RAW DATA below:

definition cube_indep :: "nat \<Rightarrow> nat set set \<Rightarrow> bool" where
  "cube_indep d V \<longleftrightarrow> V \<subseteq> cube d \<and> (\<forall>u\<in>V. \<forall>v\<in>V. {u, v} \<notin> hedges d)"

lemma cube_indep_subset: "cube_indep d V \<Longrightarrow> W \<subseteq> V \<Longrightarrow> cube_indep d W"
  unfolding cube_indep_def by blast

lemma finite_cube_indep: "cube_indep d V \<Longrightarrow> finite V"
  unfolding cube_indep_def using finite_cube finite_subset by blast

lemma cube_indep_inter_hedge:
  assumes "cube_indep d V" "e \<in> hedges d"
  shows "V \<inter> e = {} \<or> (\<exists>v. V \<inter> e = {v})"
proof (rule ccontr)
  assume "\<not> ?thesis"
  then obtain u v where u: "u \<in> V" "u \<in> e" and v: "v \<in> V" "v \<in> e" and "u \<noteq> v"
    by blast
  obtain i where "e = {u, flip i u}"
    using hedgesE[OF assms(2) u(2)] by metis
  then have "e = {u, v}"
    using v(2) \<open>u \<noteq> v\<close> by auto
  then show False
    using assms u(1) v(1) unfolding cube_indep_def by metis
qed

lemma hedges_parity: "{v, w} \<in> hedges d \<Longrightarrow> even (card w) \<longleftrightarrow> odd (card v)"
proof -
  assume "{v, w} \<in> hedges d"
  then obtain i where "v \<in> cube d" "w = flip i v"
    by (rule hedges_doubletonD)
  then show ?thesis
    using even_card_flip_iff finite_cube_elem by blast
qed

lemma cube_indep_evens: "cube_indep d (evens d)"
  unfolding cube_indep_def evens_def using hedges_parity by blast

lemma cube_indep_odds: "cube_indep d (odds d)"
  unfolding cube_indep_def odds_def using hedges_parity by blast

lemma card_evens_odds:
  assumes "1 \<le> d"
  shows "card (evens d) = 2 ^ (d - 1)" "card (odds d) = 2 ^ (d - 1)"
proof -
  have "bij_betw (flip 0) (evens d) (odds d)"
    by (rule bij_betw_byWitness[where f' = "flip 0"])
       (use assms in \<open>auto simp: evens_def odds_def flip_in_cube even_card_flip_iff finite_cube_elem\<close>)
  then have "card (evens d) = card (odds d)"
    by (rule bij_betw_same_card)
  moreover have "card (evens d) + card (odds d) = 2 ^ d"
  proof -
    have "evens d \<union> odds d = cube d" "evens d \<inter> odds d = {}"
      unfolding evens_def odds_def by auto
    then show ?thesis
      by (metis card_Pow card_Un_disjoint cube_def finite_Un finite_cube finite_lessThan card_lessThan)
  qed
  moreover have "(2::nat) ^ d = 2 * 2 ^ (d - 1)"
    using assms by (cases d) simp_all
  ultimately show "card (evens d) = 2 ^ (d - 1)" "card (odds d) = 2 ^ (d - 1)"
    by simp_all
qed

lemma Np_singleton:
  assumes "v \<in> cube d"
  shows "Np d G {v} = card {e \<in> hedges d. v \<in> e \<and> G e}"
proof -
  have "{e \<in> hedges d. v \<in> e \<and> G e} = (\<lambda>w. {v, w}) ` {w \<in> cube d. {v, w} \<in> hedges d \<and> G {v, w}}"
  proof (intro equalityI subsetI)
    fix e assume e: "e \<in> {e \<in> hedges d. v \<in> e \<and> G e}"
    then obtain i where "i < d" "e = {v, flip i v}"
      using hedgesE by blast
    then show "e \<in> (\<lambda>w. {v, w}) ` {w \<in> cube d. {v, w} \<in> hedges d \<and> G {v, w}}"
      using e assms flip_in_cube by blast
  qed auto
  moreover have "inj_on (\<lambda>w. {v, w}) {w \<in> cube d. {v, w} \<in> hedges d \<and> G {v, w}}"
    by (auto simp: inj_on_def doubleton_eq_iff)
  ultimately show ?thesis
    unfolding Np_def by (simp add: card_image)
qed

text \<open>Vertices that are not 2-neighbours have disjoint neighbourhoods.\<close>
lemma Np_eq_sum_singletons:
  assumes "S \<subseteq> cube d" and "\<forall>u\<in>S. \<forall>v\<in>S. \<not> two_nbrs d u v"
  shows "Np d G S = (\<Sum>v\<in>S. Np d G {v})"
proof -
  define N where "N v = {w \<in> cube d. {v, w} \<in> hedges d \<and> G {v, w}}" for v
  have "finite S"
    using assms(1) finite_cube finite_subset by blast
  moreover have "\<forall>u\<in>S. \<forall>v\<in>S. u \<noteq> v \<longrightarrow> N u \<inter> N v = {}"
    using assms(2) unfolding N_def two_nbrs_def by blast
  ultimately have "card (\<Union>(N ` S)) = (\<Sum>v\<in>S. card (N v))"
    by (intro card_UN_disjoint) (auto simp: N_def)
  moreover have "{w \<in> cube d. \<exists>v\<in>S. {v, w} \<in> hedges d \<and> G {v, w}} = \<Union>(N ` S)"
    unfolding N_def by auto
  ultimately show ?thesis
    unfolding Np_def N_def by simp
qed

section \<open>Vertex weights and their joint moments\<close>

definition vert_weight :: "nat \<Rightarrow> (nat set set \<Rightarrow> bool) \<Rightarrow> nat set \<Rightarrow> real" where
  "vert_weight d G v = (1/2) ^ Np d G {v}"

lemma vert_weight_nonneg: "0 \<le> vert_weight d G v"
  unfolding vert_weight_def by simp

lemma vert_weight_le_one: "vert_weight d G v \<le> 1"
  unfolding vert_weight_def by (simp add: power_le_one)

lemma Phi_eq_sum_vert_weight: "Phi d G V = (\<Sum>v\<in>V. vert_weight d G v)"
  unfolding Phi_def vert_weight_def ..

lemma GoodSum_eq_sum_prod_vert_weight:
  assumes "V \<subseteq> cube d"
  shows "GoodSum d G V = (\<Sum>S\<in>Good d V. \<Prod>v\<in>S. vert_weight d G v)"
  unfolding GoodSum_def
proof (rule sum.cong[OF refl])
  fix S assume "S \<in> Good d V"
  then have "S \<subseteq> cube d" "\<forall>u\<in>S. \<forall>v\<in>S. \<not> two_nbrs d u v"
    using assms unfolding Good_def by auto
  then show "(1/2) ^ Np d G S = (\<Prod>v\<in>S. vert_weight d G v)"
    by (simp add: Np_eq_sum_singletons power_sum vert_weight_def)
qed

lemma vert_weight_pow_eq_prod:
  assumes "v \<in> cube d"
  shows "vert_weight d G v ^ k = (\<Prod>e\<in>hedges d. if v \<in> e \<and> G e then (1/2) ^ k else 1)"
  by (simp add: vert_weight_def Np_singleton[OF assms] prod.If_cases power_mult[symmetric]
      mult.commute Int_def)

definition bernoulli_half_pow_mean :: "real \<Rightarrow> nat \<Rightarrow> real" where
  "bernoulli_half_pow_mean p k = 1 - p + p * (1/2) ^ k"

lemma finite_set_pmf_Qdp: "finite (set_pmf (Qdp d p))"
  unfolding Qdp_def by (auto simp: set_Pi_pmf intro!: finite_PiE_dflt)

lemma integrable_Qdp [simp]: "integrable (measure_pmf (Qdp d p)) (f :: _ \<Rightarrow> real)"
  by (rule integrable_measure_pmf_finite[OF finite_set_pmf_Qdp])

lemma expectation_bernoulli_prod_if:
  fixes c :: "'a \<Rightarrow> real"
  assumes "finite W" and "W \<inter> e = {} \<or> (\<exists>v. W \<inter> e = {v})" and "0 \<le> p" "p \<le> 1"
  shows "measure_pmf.expectation (bernoulli_pmf p) (\<lambda>b. \<Prod>v\<in>W. if v \<in> e \<and> b then c v else 1)
       = (\<Prod>v\<in>W. if v \<in> e then 1 - p + p * c v else 1)"
  using assms(2)
proof
  assume "W \<inter> e = {}"
  then have "\<And>v. v \<in> W \<Longrightarrow> v \<notin> e"
    by blast
  then show ?thesis
    using assms(3,4) by simp
next
  assume "\<exists>v. W \<inter> e = {v}"
  then obtain v0 where "{v \<in> W. v \<in> e} = {v0}"
    by blast
  then show ?thesis
    using assms(3,4) by (simp add: prod.inter_filter[OF assms(1), symmetric] algebra_simps)
qed

text \<open>Distinct vertices of an independent set share no edge, so their weights are products
  over disjoint sets of independent edges.\<close>
lemma expectation_prod_vert_weight_pow:
  assumes W: "cube_indep d W" and p: "0 \<le> p" "p \<le> 1"
  shows "measure_pmf.expectation (Qdp d p) (\<lambda>G. \<Prod>v\<in>W. vert_weight d G v ^ k v)
       = (\<Prod>v\<in>W. bernoulli_half_pow_mean p (k v) ^ d)"
proof -
  define g where "g e b = (\<Prod>v\<in>W. if v \<in> e \<and> b then (1/2::real) ^ k v else 1)" for e b
  have finW: "finite W" and Wc: "W \<subseteq> cube d"
    using W finite_cube_indep unfolding cube_indep_def by auto
  have "(\<Prod>v\<in>W. vert_weight d G v ^ k v)
      = (\<Prod>v\<in>W. \<Prod>e\<in>hedges d. if v \<in> e \<and> G e then (1/2) ^ k v else 1)" for G
    using Wc by (intro prod.cong refl vert_weight_pow_eq_prod) auto
  then have "measure_pmf.expectation (Qdp d p) (\<lambda>G. \<Prod>v\<in>W. vert_weight d G v ^ k v)
      = measure_pmf.expectation (Qdp d p) (\<lambda>G. \<Prod>e\<in>hedges d. g e (G e))"
    unfolding g_def by (simp add: prod.swap[of _ W])
  also have "\<dots> = (\<Prod>e\<in>hedges d. measure_pmf.expectation (bernoulli_pmf p) (g e))"
    unfolding Qdp_def
    by (rule expectation_prod_Pi_pmf)
       (auto simp: g_def intro!: prod_nonneg integrable_measure_pmf_finite)
  also have "\<dots> = (\<Prod>e\<in>hedges d. \<Prod>v\<in>W. if v \<in> e then bernoulli_half_pow_mean p (k v) else 1)"
    unfolding g_def bernoulli_half_pow_mean_def
    using finW cube_indep_inter_hedge[OF W] p by (intro prod.cong refl expectation_bernoulli_prod_if)
  also have "\<dots> = (\<Prod>v\<in>W. \<Prod>e\<in>hedges d. if v \<in> e then bernoulli_half_pow_mean p (k v) else 1)"
    by (rule prod.swap)
  also have "\<dots> = (\<Prod>v\<in>W. bernoulli_half_pow_mean p (k v) ^ d)"
    using Wc by (intro prod.cong refl) (auto simp: prod.If_cases Int_def card_hedges_at)
  finally show ?thesis .
qed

End of RAW DATA.

WHAT IS BEING ASKED »
Counting every line that holds the string "notin", give the total for the data above and nothing else.

EXERCISE RESULT »
2